Un deuxième responsable américain, s'exprimant également sous couvert d'anonymat, a déclaré qu'il ne fallait pas s'attendre à une nouvelle grande base américaine ni à une relocalisation massive des troupes américaines du Niger vers un autre endroit.
"Nous ne nous attendons pas à une annonce importante de construction militaire ou à une nouvelle base significative", a déclaré le deuxième responsable.
Bouleversement politique
L’évolution du paysage politique en Afrique de l’Ouest et centrale présente un dilemme pour les États-Unis. La région a connu huit coups d'État en quatre ans, notamment au Niger et chez ses voisins, le Burkina Faso et le Mali.
Les juntes qui dirigent actuellement bon nombre de ces pays sont moins disposées à travailler avec les pays occidentaux, notamment les États-Unis, dont l'armée n'a pas le droit de soutenir les gouvernements qui ont pris le pouvoir par un coup d'État. Ils se tournent de plus en plus vers la Russie, qui n’est pas confrontée à de telles contraintes.
"Les Etats-Unis avaient des partenaires solides dans la région", a déclaré Catherine Nzuki du Centre d'études stratégiques et internationales basé à Washington.
"Et maintenant que les États-Unis ont été chassés du Niger, la question politique que se pose, je pense, le Département d'État, le Département de la Défense, est la suivante : perdons-nous des alliés dans la région ? Les choses évoluent-elles trop rapidement pour nous ? à suivre?"
Le deuxième responsable américain a reconnu que l’armée américaine prenait la mesure des changements rapides.
"Nous faisons actuellement une introspection et réfléchissons à ce que devraient être nos objectifs modifiés", a déclaré le responsable.
Il reste à déterminer dans quelle mesure les objectifs modifiés de l'Amérique lui permettront de faire face à la menace des groupes islamistes qui s'étendent dans la région aride et pauvre du Sahel.
"La menace terroriste est alarmante", a déclaré le deuxième responsable.
Jusqu’à présent, le retrait américain du Niger s’achève dans les délais prévus, avant la date limite du 15 septembre, affirment les responsables américains, avec seulement environ 600 soldats restant sur la base aérienne 101, située à côté de l’aéroport international Diori Hamani dans la capitale Niamey.
Alors que les États-Unis se retirent, la Russie a déployé un certain nombre de forces militaires dans la même base, où elles mènent des activités de formation.
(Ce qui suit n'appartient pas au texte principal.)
text \<open>A cross ratio of \<open>A * B\<close> compares sums \<open>\<Sum>m. x m * u m\<close> of a row of \<open>A\<close>
  against a column of \<open>B\<close>. With weights \<open>w = x u\<close> and ratios \<open>t = y / x\<close>, \<open>s = v / u\<close>
  it reads \<open>(\<Sum>w) (\<Sum>w t s) / ((\<Sum>w t) (\<Sum>w s))\<close>, where \<open>R(A) \<le> p^2\<close> and \<open>R(B) \<le> q^2\<close>
  confine \<open>t\<close> to some \<open>[a, p^2 a]\<close> and \<open>s\<close> to some \<open>[b, q^2 b]\<close>. The pointwise
  inequalities \<open>(t - a) (q^2 b - s) \<ge> 0\<close> and \<open>(s - b) (p^2 a - t) \<ge> 0\<close> survive averaging
  and leave a two-variable problem whose maximum is \<open>Psi p q ^ 2\<close>. Hence
  \<open>R(A B) \<le> Psi p q ^ 2\<close>, and induction along \<open>P (n + 1) = A (n + 1) * P n\<close> gives the theorem.\<close>

lemma Psi_bound_one_side:
  fixes p q T S :: real
  assumes p: "p \<ge> 1" and q: "q \<ge> 1" and T: "1 \<le> T" and S: "1 \<le> S" "S \<le> q^2"
    and below: "(q^2 - 1) * (T - 1) \<le> (p^2 - 1) * (S - 1)"
  shows "(p + q)^2 * (q^2 * T + S - q^2) \<le> (1 + p * q)^2 * T * S"
proof -
  define c where "c = (1 + p * q)^2 * S - (p + q)^2 * q^2"
  have gap: "(1 + p * q)^2 * T * S - (p + q)^2 * (q^2 * T + S - q^2)
      = T * c - (p + q)^2 * (S - q^2)"
    unfolding c_def by (simp add: algebra_simps)
  have p2: "p^2 \<ge> 1" and q2: "q^2 \<ge> 1" using p q by (simp_all add: one_le_power)
  \<comment> \<open>The gap is affine in \<open>T\<close>: check it at \<open>T = 1\<close> and at the largest \<open>T\<close>
    allowed by \<open>below\<close>.\<close>
  have "T * c - (p + q)^2 * (S - q^2) \<ge> 0"
  proof (cases "c \<ge> 0")
    case True
    have at_one: "c - (p + q)^2 * (S - q^2) = (p^2 - 1) * (q^2 - 1) * S"
      unfolding c_def by (simp add: power2_eq_square algebra_simps)
    have "c \<le> T * c" using T True by (simp add: mult_le_cancel_right1)
    moreover have "(p^2 - 1) * (q^2 - 1) * S \<ge> 0" using p2 q2 S by simp
    ultimately show ?thesis using at_one by linarith
  next
    case False
    have "q \<noteq> 1"
    proof
      assume "q = 1"
      with S have "S = 1" by simp
      with \<open>q = 1\<close> have "c = 0" unfolding c_def by (simp add: power2_eq_square algebra_simps)
      with False show False by simp
    qed
    with q have "q^2 - 1 > 0" by (simp add: one_less_power)
    have at_max: "(q^2 - 1 + (p^2 - 1) * (S - 1)) * c + (p + q)^2 * (q^2 - 1) * (q^2 - S)
        = (p^2 - 1) * ((1 + p * q) * S - q * (p + q))^2"
      unfolding c_def by (simp add: power2_eq_square algebra_simps)
    have "(q^2 - 1 + (p^2 - 1) * (S - 1)) * c \<le> ((q^2 - 1) * T) * c"
      using below False by (intro mult_right_mono_neg) (auto simp: algebra_simps)
    then have "(p^2 - 1) * ((1 + p * q) * S - q * (p + q))^2
        \<le> (q^2 - 1) * (T * c - (p + q)^2 * (S - q^2))"
      using at_max by (simp add: algebra_simps)
    moreover have "(p^2 - 1) * ((1 + p * q) * S - q * (p + q))^2 \<ge> 0" using p2 by simp
    ultimately have "0 \<le> (q^2 - 1) * (T * c - (p + q)^2 * (S - q^2))" by linarith
    with \<open>q^2 - 1 > 0\<close> show ?thesis by (simp add: zero_le_mult_iff)
  qed
  with gap show ?thesis by linarith
qed
(* Let $r\in(0,1)$, $\alpha\in(0,1)$ and let $\{m_n\}_{n\ge1}$ be an infinitely increasing sequence of natural numbers. For each $n$ let $Y_n$ be a random variable with $$Y_n\stackrel{d}{=}\frac{S_{\alpha,1}Z_{r,\mu_n}^{1/\alpha}}{1+S_{\alpha,1}Z_{r,\mu_n}^{1/\alpha}},\qquad \mu_n=m_n^{-\alpha},$$ ($S_{\alpha,1}$, $Z_{r,\mu_n}$ independent) and let $K_n$ have the $Y_n$-mixed binomial distribution with parameter $m_n$. Then, as $n\to\infty$, $\mathsf P(K_n<x)\Longrightarrow \Pi^{(S_{\alpha,1}Z_{r,1}^{1/\alpha})}(x)$, i.e. $K_n$ converges in distribution to the mixed Poisson law with structural random variable $S_{\alpha,1}Z_{r,1}^{1/\alpha}$ ($S_{\alpha,1}$, $Z_{r,1}$ independent).
   Context: $G_{s,1}$ is a gamma random variable with density $\frac1{\Gamma(s)}x^{s-1}e^{-x}$, $x\ge0$. For $0<\alpha<1$, $S_{\alpha,1}$ has the one-sided strictly stable characteristic function $\exp\{-|t|^{\alpha}\exp(-\tfrac12 i\pi\alpha\,\mathrm{sign}\,t)\}$. For $r\in(0,1)$, $\mu>0$: $Z_{r,\mu}=\mu(G_{r,1}+G_{1-r,1})/G_{r,1}$ with independent gamma factors. For a random variable $Y$ with $\mathsf P(0<Y<1)=1$ and $m\in\mathbb N$, $K$ has the $Y$-mixed binomial distribution with parameter $m$ if $\mathsf P(K=j)=\binom{m}{j}\int_0^1z^j(1-z)^{m-j}\,d\mathsf P(Y<z)$, $j=0,\dots,m$. For a positive random variable $Z$, the mixed Poisson law with structural variable $Z$ has $\mathsf P(\,\cdot=k)=\frac1{k!}\int_0^\infty e^{-z}z^k\,d\mathsf P(Z<z)$, $k=0,1,\dots$, with distribution function denoted $\Pi^{(Z)}$. *)

theory Defs
  imports "HOL-Probability.Probability"
begin

definition gamma_density :: "real \<Rightarrow> real \<Rightarrow> real" where
  "gamma_density s x = (if 0 \<le> x then x powr (s - 1) * exp (- x) / Gamma s else 0)"

definition gamma_measure :: "real \<Rightarrow> real measure" where
  "gamma_measure s = density lborel (\<lambda>x. ennreal (gamma_density s x))"

text \<open>One-sided strictly stable characteristic function.\<close>
definition stable_char :: "real \<Rightarrow> real \<Rightarrow> complex" where
  "stable_char \<alpha> t =
     exp (- (complex_of_real (\<bar>t\<bar> powr \<alpha>)) * exp (- (\<i> * complex_of_real (pi * \<alpha> / 2 * sgn t))))"

definition Z_measure :: "real \<Rightarrow> real \<Rightarrow> real measure" where
  "Z_measure r \<mu> = distr (gamma_measure r \<Otimes>\<^sub>M gamma_measure (1 - r)) borel
      (\<lambda>(g1, g2). \<mu> * (g1 + g2) / g1)"

definition SZ_measure :: "real measure \<Rightarrow> real \<Rightarrow> real \<Rightarrow> real \<Rightarrow> real measure" where
  "SZ_measure S \<alpha> r \<mu> = distr (S \<Otimes>\<^sub>M Z_measure r \<mu>) borel
      (\<lambda>(s, z). s * z powr (1 / \<alpha>))"
(* Let $N\ge2$, $R>0$, and let $u\in C(B_R,(0,\infty))$ be separable in $B_R$. If $u$ is not radially symmetric with respect to the origin, then there exists $M\in O(N)$ such that: (i) (axial symmetry) for every $\alpha\in(0,R]$ and every $h\in[-\alpha,\alpha]$, $u_M$ is constant on $\{x\in S^{N-1}_\alpha:x_N=h\}$, i.e. $u_M$ is axially symmetric with respect to the $x_N$-axis; (ii) (monotonicity) for every $\alpha\in(0,R]$, the function $\theta\mapsto u_M(0_{N-2},\alpha\cos\theta,\alpha\sin\theta)$ is nonincreasing on $[\pi/2,3\pi/2]$.
   Context: $B_R$ is the closed ball of radius $R$ centered at $0$ in $\mathbb{R}^N$; $S^{N-1}_\alpha$ is the sphere of radius $\alpha$ centered at $0$; $O(N)$ is the orthogonal group and $u_M(x):=u(M^{-1}x)$; $0_k$ is the zero vector of $\mathbb{R}^k$. For an open half-space $H$, $\sigma_H$ is the reflection across $\partial H$. A function $u:B_R\to\mathbb{R}$ is separable in $B_R$ if for every open half-space $H\subset\mathbb{R}^N$ with $0\in\partial H$, either $u(x)\ge u(\sigma_Hx)$ for all $x\in H\cap B_R$, or $u(x)\le u(\sigma_Hx)$ for all $x\in H\cap B_R$. Radially symmetric with respect to the origin means $u(x)=u(y)$ whenever $|x|=|y|$. *)

theory Defs
  imports "HOL-Analysis.Analysis"
begin

text \<open>Coordinates of R^N are indexed by a finite linearly ordered type 'n;
  the k-th coordinate x_k corresponds to the k-th smallest index.\<close>

definition last_idx :: "'n::{finite,linorder}" where
  "last_idx = Max UNIV"

definition second_last_idx :: "'n::{finite,linorder}" where
  "second_last_idx = Max (UNIV - {last_idx})"

definition refl_hyp :: "real^'n \<Rightarrow> real^'n \<Rightarrow> real^'n" where
  "refl_hyp a x = x - (2 * (a \<bullet> x) / (a \<bullet> a)) *\<^sub>R a"

text \<open>Open half-spaces H with 0 on the boundary are exactly {x. a . x > 0}, a \<noteq> 0.\<close>
definition separable_in :: "real \<Rightarrow> (real^'n \<Rightarrow> real) \<Rightarrow> bool" where
  "separable_in R u \<longleftrightarrow>
     (\<forall>a. a \<noteq> 0 \<longrightarrow>
        (\<forall>x\<in>cball 0 R. a \<bullet> x > 0 \<longrightarrow> u x \<ge> u (refl_hyp a x)) \<or>
        (\<forall>x\<in>cball 0 R. a \<bullet> x > 0 \<longrightarrow> u x \<le> u (refl_hyp a x)))"

definition radially_symmetric_in :: "real \<Rightarrow> (real^'n \<Rightarrow> real) \<Rightarrow> bool" where
  "radially_symmetric_in R u \<longleftrightarrow>
     (\<forall>x\<in>cball 0 R. \<forall>y\<in>cball 0 R. norm x = norm y \<longrightarrow> u x = u y)"

definition rot_fun :: "real^'n^'n \<Rightarrow> (real^'n \<Rightarrow> real) \<Rightarrow> real^'n \<Rightarrow> real" where
  "rot_fun M u x = u (matrix_inv M *v x)"

definition circ_pt :: "real \<Rightarrow> real \<Rightarrow> real^'n::{finite,linorder}" where
  "circ_pt a t = (\<chi> i. if i = last_idx then a * sin t
                        else if i = second_last_idx then a * cos t else 0)"

end

(*
  Call a \<noteq> 0 dominating if u (\<sigma>\<^sub>a x) \<le> u x whenever a \<bullet> x > 0, where \<sigma>\<^sub>a is the reflection
  across a\<^sup>\<bottom>. Separability says that a or -a is dominating for every a \<noteq> 0.

  Let p = \<integral> u(x) x dx over the ball. As \<sigma>\<^sub>a preserves the ball and the measure,
  a \<bullet> p = \<integral> u(x) (a \<bullet> x) dx is half of \<integral> (u x - u (\<sigma>\<^sub>a x)) (a \<bullet> x) dx, whose integrand is
  nonnegative when a is dominating. Hence a \<bullet> p \<ge> 0 for every dominating a, strictly if the
  domination is strict somewhere, which non-radiality provides. So p \<noteq> 0 and every a with
  a \<bullet> p > 0 is dominating (otherwise -a would be); by continuity so is every a \<noteq> 0 with
  a \<bullet> p \<ge> 0. Reflecting x to y across (x - y)\<^sup>\<bottom> then gives u y \<le> u x whenever |x| = |y| and
  p \<bullet> y \<le> p \<bullet> x, and a rotation taking the last coordinate axis to p turns this into axial
  symmetry and monotonicity in the polar angle.
*)

theory Submission
  imports Defs
begin

lemma inner_refl_hyp: "a \<noteq> 0 \<Longrightarrow> a \<bullet> refl_hyp a x = - (a \<bullet> x)"
  unfolding refl_hyp_def by (simp add: inner_diff_right)

lemma refl_hyp_refl_hyp: "a \<noteq> 0 \<Longrightarrow> refl_hyp a (refl_hyp a x) = x"
  using inner_refl_hyp[of a x] by (simp add: refl_hyp_def algebra_simps)

lemma refl_hyp_uminus: "refl_hyp (- a) = refl_hyp a"
  by (simp add: refl_hyp_def fun_eq_iff)

lemma refl_hyp_zero [simp]: "refl_hyp 0 x = x"
  by (simp add: refl_hyp_def)

lemma refl_hyp_0 [simp]: "refl_hyp a 0 = 0"
  by (simp add: refl_hyp_def)

lemma linear_refl_hyp: "linear (refl_hyp a)"
  unfolding refl_hyp_def
  by (rule linearI) (auto simp: algebra_simps add_divide_distrib)

lemma bounded_linear_refl_hyp: "bounded_linear (refl_hyp a)"
  using linear_refl_hyp linear_conv_bounded_linear by blast

lemma norm_refl_hyp [simp]: "norm (refl_hyp a x) = norm x"
proof (cases "a = 0")
  case False
  then have "(norm (refl_hyp a x))\<^sup>2 = (norm x)\<^sup>2"
    unfolding power2_norm_eq_inner refl_hyp_def
    by (simp add: inner_diff_left inner_diff_right inner_commute[of x a] field_simps power2_eq_square)
  then show ?thesis by simp
qed simp
(* Let $A$ be a $\star$-hypercentral T-brace whose additive group $(A,+)$ is not periodic, and let $T$ be the torsion subgroup of $(A,+)$. Then $T$ is an ideal of $A$ and the quotient brace $A/T$ is abelian.
   Context: A (left) brace is a set $A$ with two operations $+$ and $\cdot$ such that $(A,+)$ is an abelian group, $(A,\cdot)$ is a group, and $a(b+c)=ab+ac-a$ for all $a,b,c\in A$. Put $a\star b=ab-a-b$. A subbrace is a subset which is a subgroup of both $(A,+)$ and $(A,\cdot)$; a subbrace $L$ is an ideal if $a\star z, z\star a\in L$ for all $a\in A$, $z\in L$, and then the quotient brace $A/L$ is defined. A brace is abelian if $a\star b=0$ for all $a,b$. $A$ is a T-brace if whenever $I$ is an ideal of $J$ and $J$ is an ideal of $A$, then $I$ is an ideal of $A$. The $\star$-center is $\zeta(\star,A)=\{a\in A: a\star x=x\star a=0 \ \forall x\in A\}$. The upper $\star$-central series: $\zeta_0(\star,A)=0$, $\zeta_{\alpha+1}(\star,A)/\zeta_\alpha(\star,A)=\zeta(\star,A/\zeta_\alpha(\star,A))$, unions at limit ordinals; its last term is $\zeta_\infty(\star,A)$. $A$ is $\star$-hypercentral if $A=\zeta_\infty(\star,A)$. *)

theory Defs
  imports "HOL-Algebra.Group"
begin

record 'a brace_struct =
  bcar :: "'a set"
  badd :: "'a \<Rightarrow> 'a \<Rightarrow> 'a"
  bzero :: 'a
  bmul :: "'a \<Rightarrow> 'a \<Rightarrow> 'a"
  bone :: 'a

definition addgrp :: "('a, 'b) brace_struct_scheme \<Rightarrow> 'a monoid" where
  "addgrp B = \<lparr>carrier = bcar B, mult = badd B, one = bzero B\<rparr>"

definition mulgrp :: "('a, 'b) brace_struct_scheme \<Rightarrow> 'a monoid" where
  "mulgrp B = \<lparr>carrier = bcar B, mult = bmul B, one = bone B\<rparr>"

definition bneg :: "('a, 'b) brace_struct_scheme \<Rightarrow> 'a \<Rightarrow> 'a" where
  "bneg B a = inv\<^bsub>addgrp B\<^esub> a"

definition bsub :: "('a, 'b) brace_struct_scheme \<Rightarrow> 'a \<Rightarrow> 'a \<Rightarrow> 'a" where
  "bsub B a b = badd B a (bneg B b)"

definition brace :: "('a, 'b) brace_struct_scheme \<Rightarrow> bool" where
  "brace B \<longleftrightarrow> comm_group (addgrp B) \<and> group (mulgrp B) \<and>
     (\<forall>a\<in>bcar B. \<forall>b\<in>bcar B. \<forall>c\<in>bcar B.
        bmul B a (badd B b c) = bsub B (badd B (bmul B a b) (bmul B a c)) a)"

definition bstar :: "('a, 'b) brace_struct_scheme \<Rightarrow> 'a \<Rightarrow> 'a \<Rightarrow> 'a" where
  "bstar B a b = bsub B (bsub B (bmul B a b) a) b"

definition subbrace :: "'a set \<Rightarrow> ('a, 'b) brace_struct_scheme \<Rightarrow> bool" where
  "subbrace L B \<longleftrightarrow> subgroup L (addgrp B) \<and> subgroup L (mulgrp B)"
Les responsables américains affirment que les troupes américaines et russes n’ont aucun contact entre elles.
Brown a laissé espérer que même après le retrait des États-Unis, il pourrait y avoir un moyen de maintenir une sorte de relation de sécurité future avec le Niger, compte tenu des investissements de plusieurs années dans les relations militaires.
"Nous avons une ambassade là-bas, donc nous avons toujours des relations. Et donc je ne sais pas si la porte est complètement fermée", a déclaré Brown. "Et donc, si à l'avenir, si l'opportunité se présente de reconstruire, de renforcer les relations, nous travaillerons avec le reste du gouvernement américain pour trouver la meilleure façon de le faire."